Normalisation is the process of adequately organising data in the given database. When done systematically, normalisation will decompose the tables to eliminate any data redundancy or data repetition. It will also reduce any undesirable characteristics of a database like an Update, Insertion, and Deletion anomalies. Normalising a database is a multi-step approach that can put the data into a tabular form by removing all duplicated data from the relational tables.
Two primary objectives of normalisation are:
- Eliminating the redundant data from the database, and
- Ensuring logical data dependencies
After-effects of skipping normalisation
If there is a tale that is not appropriately normalised and has data redundancy, it can consume a lot of memory space and make it difficult for the DBAs to handle or update the database. There is also a possibility of data loss. Data insertion, maintenance, updating, and deletion anomalies can also happen frequently if the database is not appropriately normalised. Here is an example for you to understand the scope of these anomalies further.
Here is a sample data of academic students:
|Roll Number||Name||Branch||HOD||Dept. Phone|
In the above table, we can see the data of six students under the ‘computers’ branch of study as it is evident from the table, data for the branch, HOD, and the dept. The phone is the same but repeated for all the students. This is called data redundancy, and now you may have understood how it could eat up additional unwanted memory space.
Insertion Anomaly. In the above example, suppose if a new student is joining the academic institution and until that student opts for a specific branch, i.e., computers, the date of that student cannot be inserted into the table, or it has to be put as Null. Also, in another case, if you have to enter the data of 100 students of a branch, then again, branch information may get repeated for all 100 students in it. These situations are called insertion anomalies.
Update Anomaly. Another sample case could be the professor (Prof. X) leaving the college one day, or he may no longer be the HOD of the computer science branch. In such a case, there would be a need to update all students’ information again. If there is any mistake in or miss out on any single record, it may lead to inconsistent data gain. This is called an update anomaly.
Deletion Anomaly. Again, at a time, there may be a need to keep two pieces of information together. For example, the student info and branch info may have to stay together. So, once the academic year ends, the students’ records may get deleted, and we will be losing the corresponding branch information. This unwanted effect is called the deletion anomaly. Normalisation effectively works to tackle all these anomalies.

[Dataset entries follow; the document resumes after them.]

lemma rem_mass_tendsto_at_right:
  "\<forall>q\<in>set p. 0 \<le> q \<Longrightarrow> (rem_mass p \<longlongrightarrow> rem_mass p y0) (at_right y0)"
  unfolding rem_mass_def by (induction p) (auto intro!: tendsto_add rem_term_tendsto_at_right)

lemma rem_mass_split:
  assumes "\<forall>q\<in>set p. 0 \<le> q" "0 < t"
  shows "rem_mass p t = inv_sketch p t / 2 + t * (\<Sum>q\<leftarrow>p. q / max (2 * t) q)"
  using assms unfolding rem_mass_def inv_sketch_def
  by (induction p) (auto simp: rem_term_split add_divide_distrib distrib_left)

lemma inv_sketch_nonneg: "\<forall>q\<in>set p. 0 \<le> q \<Longrightarrow> 0 \<le> inv_sketch p y"
  unfolding inv_sketch_def by (induction p) (auto intro!: add_nonneg_nonneg)

lemma inv_sketch_mono: "\<forall>q\<in>set p. 0 \<le> q \<Longrightarrow> y \<le> y' \<Longrightarrow> inv_sketch p y \<le> inv_sketch p y'"
  unfolding inv_sketch_def by (induction p) (auto intro!: add_mono)

lemma inv_sketch_measurable [measurable]: "inv_sketch p \<in> borel_measurable borel"
  by (induction p) (simp_all add: inv_sketch_def)

lemma sum_list_div_max_eq_nn_integral:
  assumes "0 < a" "a \<le> 1" "\<forall>q\<in>set p. 0 \<le> q \<and> q \<le> 1"
  shows "ennreal (\<Sum>q\<leftarrow>p. q / max a q)
    = ennreal (sum_list p) + (\<integral>\<^sup>+s\<in>{a..1}. ennreal (inv_sketch p s / s\<^sup>2) \<partial>lborel)"
  using assms(3)
proof (induction p)
  case Nil
  then show ?case
    by (simp add: inv_sketch_def)
next
  case (Cons q p)
  have q: "0 \<le> q" "q \<le> 1" and p: "\<forall>q\<in>set p. 0 \<le> q \<and> q \<le> 1"
    using Cons.prems by auto
  have "ennreal (inv_sketch (q # p) s / s\<^sup>2) * indicator {a..1} s
      = ennreal ((if q \<le> s then q else 0) / s\<^sup>2) * indicator {a..1} s
        + ennreal (inv_sketch p s / s\<^sup>2) * indicator {a..1} s" for s
    using q inv_sketch_nonneg[of p s] p
    by (simp add: inv_sketch_def add_divide_distrib ennreal_plus distrib_right)
  then have "(\<integral>\<^sup>+s\<in>{a..1}. ennreal (inv_sketch (q # p) s / s\<^sup>2) \<partial>lborel)
      = (\<integral>\<^sup>+s\<in>{a..1}. ennreal ((if q \<le> s then q else 0) / s\<^sup>2) \<partial>lborel)
        + (\<integral>\<^sup>+s\<in>{a..1}. ennreal (inv_sketch p s / s\<^sup>2) \<partial>lborel)"
    by (simp add: nn_integral_add)
  moreover have "0 \<le> q / max a q" "0 \<le> (\<Sum>q\<leftarrow>p. q / max a q)" "0 \<le> sum_list p"
    using q p \<open>0 < a\<close> by (auto intro!: sum_list_nonneg)
  ultimately show ?case
    using Cons.IH[OF p] div_max_eq_nn_integral[OF assms(1,2) q] q
    by (simp add: ennreal_plus add_ac)
qed

lemma rem_mass_div_le:
  assumes "is_distribution p" "0 < t"
  shows "ennreal (rem_mass p t / t) \<le> ennreal (inv_sketch p t / t / 2) + ennreal (min 1 (1 / (2 * t)))
    + (\<integral>\<^sup>+s\<in>{2 * t..1}. ennreal (inv_sketch p s / s\<^sup>2) \<partial>lborel)"
proof -
  have atoms: "\<forall>q\<in>set p. 0 \<le> q \<and> q \<le> 1" and "sum_list p = 1"
    using assms(1) is_distribution_atom by (auto simp: is_distribution_def)
  define W where "W = (\<Sum>q\<leftarrow>p. q / max (2 * t) q)"
  have W_le: "ennreal W \<le> ennreal (min 1 (1 / (2 * t)))
      + (\<integral>\<^sup>+s\<in>{2 * t..1}. ennreal (inv_sketch p s / s\<^sup>2) \<partial>lborel)"
  proof (cases "2 * t \<le> 1")
    case True
    then show ?thesis
      using sum_list_div_max_eq_nn_integral[of "2 * t" p] atoms \<open>sum_list p = 1\<close> \<open>0 < t\<close>
      by (simp add: W_def min_def field_simps)
  next
    case False
    have "W \<le> (\<Sum>q\<leftarrow>p. q * (1 / (2 * t)))"
      unfolding W_def using atoms \<open>0 < t\<close> by (auto intro!: sum_list_mono divide_left_mono)
    also have "\<dots> = min 1 (1 / (2 * t))"
      using False \<open>sum_list p = 1\<close> sum_list_mult_const[of "\<lambda>q. q" "1 / (2 * t)" p] by simp
    finally have "ennreal W \<le> ennreal (min 1 (1 / (2 * t)))"
      by (rule ennreal_leI)
    then show ?thesis
      by (rule add_increasing2[OF zero_le])
  qed
  have "rem_mass p t / t = inv_sketch p t / t / 2 + W"
    using rem_mass_split[of p t] atoms \<open>0 < t\<close> by (simp add: W_def field_simps)
  moreover have "0 \<le> inv_sketch p t" "0 \<le> W"
    using atoms \<open>0 < t\<close> inv_sketch_nonneg by (auto simp: W_def intro!: sum_list_nonneg)
  ultimately have "ennreal (rem_mass p t / t) = ennreal (inv_sketch p t / t / 2) + ennreal W"
    using \<open>0 < t\<close> by (simp add: ennreal_plus)
  with W_le show ?thesis
    by (simp add: add.assoc add_left_mono)
qed

locale distribution_family =
  fixes S :: "real list set"
  assumes finite_S: "finite S" and nonempty_S: "S \<noteq> {}"
    and distribution: "p \<in> S \<Longrightarrow> is_distribution p"
begin

lemma atoms_bounded: "p \<in> S \<Longrightarrow> \<forall>q\<in>set p. 0 \<le> q \<and> q \<le> 1"
  using distribution is_distribution_atom by blast

lemma rem_mass_adv_eq_Max: "rem_mass_adv S y = Max ((\<lambda>p. rem_mass p y) ` S)"
  unfolding rem_mass_adv_def rem_mass_def ..

lemma rem_mass_le_rem_mass_adv: "p \<in> S \<Longrightarrow> rem_mass p y \<le> rem_mass_adv S y"
  unfolding rem_mass_adv_eq_Max using finite_S by (intro Max_ge) auto

lemma rem_mass_adv_mono: "mono (rem_mass_adv S)"
proof (rule monoI)
  fix y y' :: real
  assume "y \<le> y'"
  then have "\<forall>p\<in>S. rem_mass p y \<le> rem_mass_adv S y'"
    using atoms_bounded by (meson order_trans rem_mass_mono rem_mass_le_rem_mass_adv)
  then show "rem_mass_adv S y \<le> rem_mass_adv S y'"
    using finite_S nonempty_S by (simp add: rem_mass_adv_eq_Max[of y])
qed

lemma rem_mass_adv_measurable [measurable]: "rem_mass_adv S \<in> borel_measurable borel"
  using rem_mass_adv_mono by (rule borel_measurable_mono)

lemma rem_mass_adv_less_eventually:
  assumes "rem_mass_adv S y < x"
  shows "\<forall>\<^sub>F z in at_right y. rem_mass_adv S z < x"
proof -
  have "\<forall>\<^sub>F z in at_right y. rem_mass p z < x" if "p \<in> S" for p
  proof (rule order_tendstoD(2)[OF rem_mass_tendsto_at_right])
    show "\<forall>q\<in>set p. 0 \<le> q"
      using atoms_bounded that by blast
    show "rem_mass p y < x"
      using rem_mass_le_rem_mass_adv[OF that] assms by (rule order.strict_trans1)
  qed
  then have "\<forall>\<^sub>F z in at_right y. \<forall>p\<in>S. rem_mass p z < x"
    using finite_S by (simp add: eventually_ball_finite)
  then show ?thesis
    using finite_S nonempty_S by (simp add: rem_mass_adv_eq_Max)
qed

lemma C_S_mem:
  assumes "x \<in> {0<..1}"
  shows "C_S S x \<in> {0<..1} \<and> x \<le> rem_mass_adv S (C_S S x)"
proof -
  obtain p where "p \<in> S"
    using nonempty_S by blast
  then have "rem_mass p 1 = 1"
    using atoms_bounded distribution rem_mass_1 by (simp add: is_distribution_def)
  then have "x \<le> rem_mass_adv S 1"
    using assms rem_mass_le_rem_mass_adv[OF \<open>p \<in> S\<close>, of 1] by simp
  then have C: "C_S S x \<in> {0..1}" "x \<le> rem_mass_adv S (C_S S x)"
    using Least_threshold[OF rem_mass_adv_less_eventually] unfolding C_S_def by auto
  have "rem_mass_adv S 0 = 0"
    using finite_S nonempty_S atoms_bounded rem_mass_0 by (simp add: rem_mass_adv_eq_Max)
  then have "C_S S x \<noteq> 0"
    using C assms by auto
  with C show ?thesis
    by auto
qed

lemma inv_sketch_le_inv_prof: "p \<in> S \<Longrightarrow> inv_sketch p y \<le> inv_prof S y"
  unfolding inv_prof_def using finite_S by (intro Max_ge) auto

lemma inv_prof_mono: "mono (inv_prof S)"
proof (rule monoI)
  fix y y' :: real
  assume "y \<le> y'"
  then have "\<forall>p\<in>S. inv_sketch p y \<le> inv_prof S y'"
    using atoms_bounded by (meson order_trans inv_sketch_mono inv_sketch_le_inv_prof)
  then show "inv_prof S y \<le> inv_prof S y'"
    using finite_S nonempty_S by (simp add: inv_prof_def[of S y])
qed

lemma inv_prof_measurable [measurable]: "inv_prof S \<in> borel_measurable borel"
  using inv_prof_mono by (rule borel_measurable_mono)

lemma rem_mass_adv_div_le:
  assumes "0 < t"
  shows "ennreal (rem_mass_adv S t / t) \<le> ennreal (inv_prof S t / t / 2) + ennreal (min 1 (1 / (2 * t)))
    + (\<integral>\<^sup>+s\<in>{2 * t..1}. ennreal (inv_prof S s / s\<^sup>2) \<partial>lborel)"
proof -
  have "Max ((\<lambda>p. rem_mass p t) ` S) \<in> (\<lambda>p. rem_mass p t) ` S"
    using finite_S nonempty_S by (intro Max_in) auto
  then obtain p where "p \<in> S" "rem_mass_adv S t = rem_mass p t"
    unfolding rem_mass_adv_eq_Max by auto
  then have "ennreal (rem_mass_adv S t / t) \<le> ennreal (inv_sketch p t / t / 2) + ennreal (min 1 (1 / (2 * t)))
      + (\<integral>\<^sup>+s\<in>{2 * t..1}. ennreal (inv_sketch p s / s\<^sup>2) \<partial>lborel)"
    using rem_mass_div_le distribution assms by simp
  also have "\<dots> \<le> ennreal (inv_prof S t / t / 2) + ennreal (min 1 (1 / (2 * t)))
      + (\<integral>\<^sup>+s\<in>{2 * t..1}. ennreal (inv_prof S s / s\<^sup>2) \<partial>lborel)"
    using \<open>p \<in> S\<close> assms
    by (intro add_mono order.refl ennreal_leI divide_right_mono nn_integral_mono mult_right_mono
        inv_sketch_le_inv_prof) auto
  finally show ?thesis .
qed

Rules of normalisation. As pointed out by RemoteDBA.com experts, the general normalisation rules are categorised into the following forms:
- First Normal Form
- Second Normal Form
- Third Normal Form
- BCNF (Boyce and Codd Normal)
- Fourth Normal Form
A table needs to follow these rules to be in First Normal Form:
- It should have only single-valued attributes. This means each column of the table should be single-valued and should not contain any multiple values.
- All values stored in a column need to be of the same domain. This means the attribute domains should not change at all. This can be found as a commonsense rule. Each column at the values stored in it must be of the same type.
- Sy, for example, if there is a common DOB for a set of people to be saved, still you cannot use the names of a few of them in that column along with the common DOB in the corresponding column.
- All columns in the table must have unique names. Doing so will help to avoid any confusion while retrieving data, or while performing any other stored data. If more columns have the same name, the DBMS system itself will get confused in read and write operations.
The data storage order does not matter.
The below rules needed to be satisfied for a table to be in 2NF:
- It has to be 1NF by default.
- There should not be any partial dependency. Partial dependency means that a particular attribute in the given table depends only on one part of the primary key instead of depending on the whole key.
A table would be in Third Normal Form only when it satisfies the following norms:
- It has to be 2NF compliant.
- There should not be any transitive dependency.
BCNF or Boyce and Codd Normal Form
BCNF is an up-gradation of the 3NF. Boyce and Codd Normal form of normalisation deals with the particular types of anomalies which cannot be handled by the Third Normal Form. For example, a Third Normal Form table that does not have multiple overlapping keys, as seen in the above example, can be in the BCNF. To be BCNF, a table should satisfy the following conditions:
- R should be in the 3NF.
- For each of the functional dependencies as X → Y, the super key should be X.
To understand BCNF in further detail, you may refer to the BCNF tutorial article we published in this same series.
Fourth Normal Form or 4NF
A table can be counted as 4NF if:
- It complies with BCNF.
- There is no multivalued dependency on it.
For the DBAs, it is vital to understand the previous Normal Forms before getting over to the 4NF. By understanding the dependencies and best normalisation practices, you will be able to design your relational database better.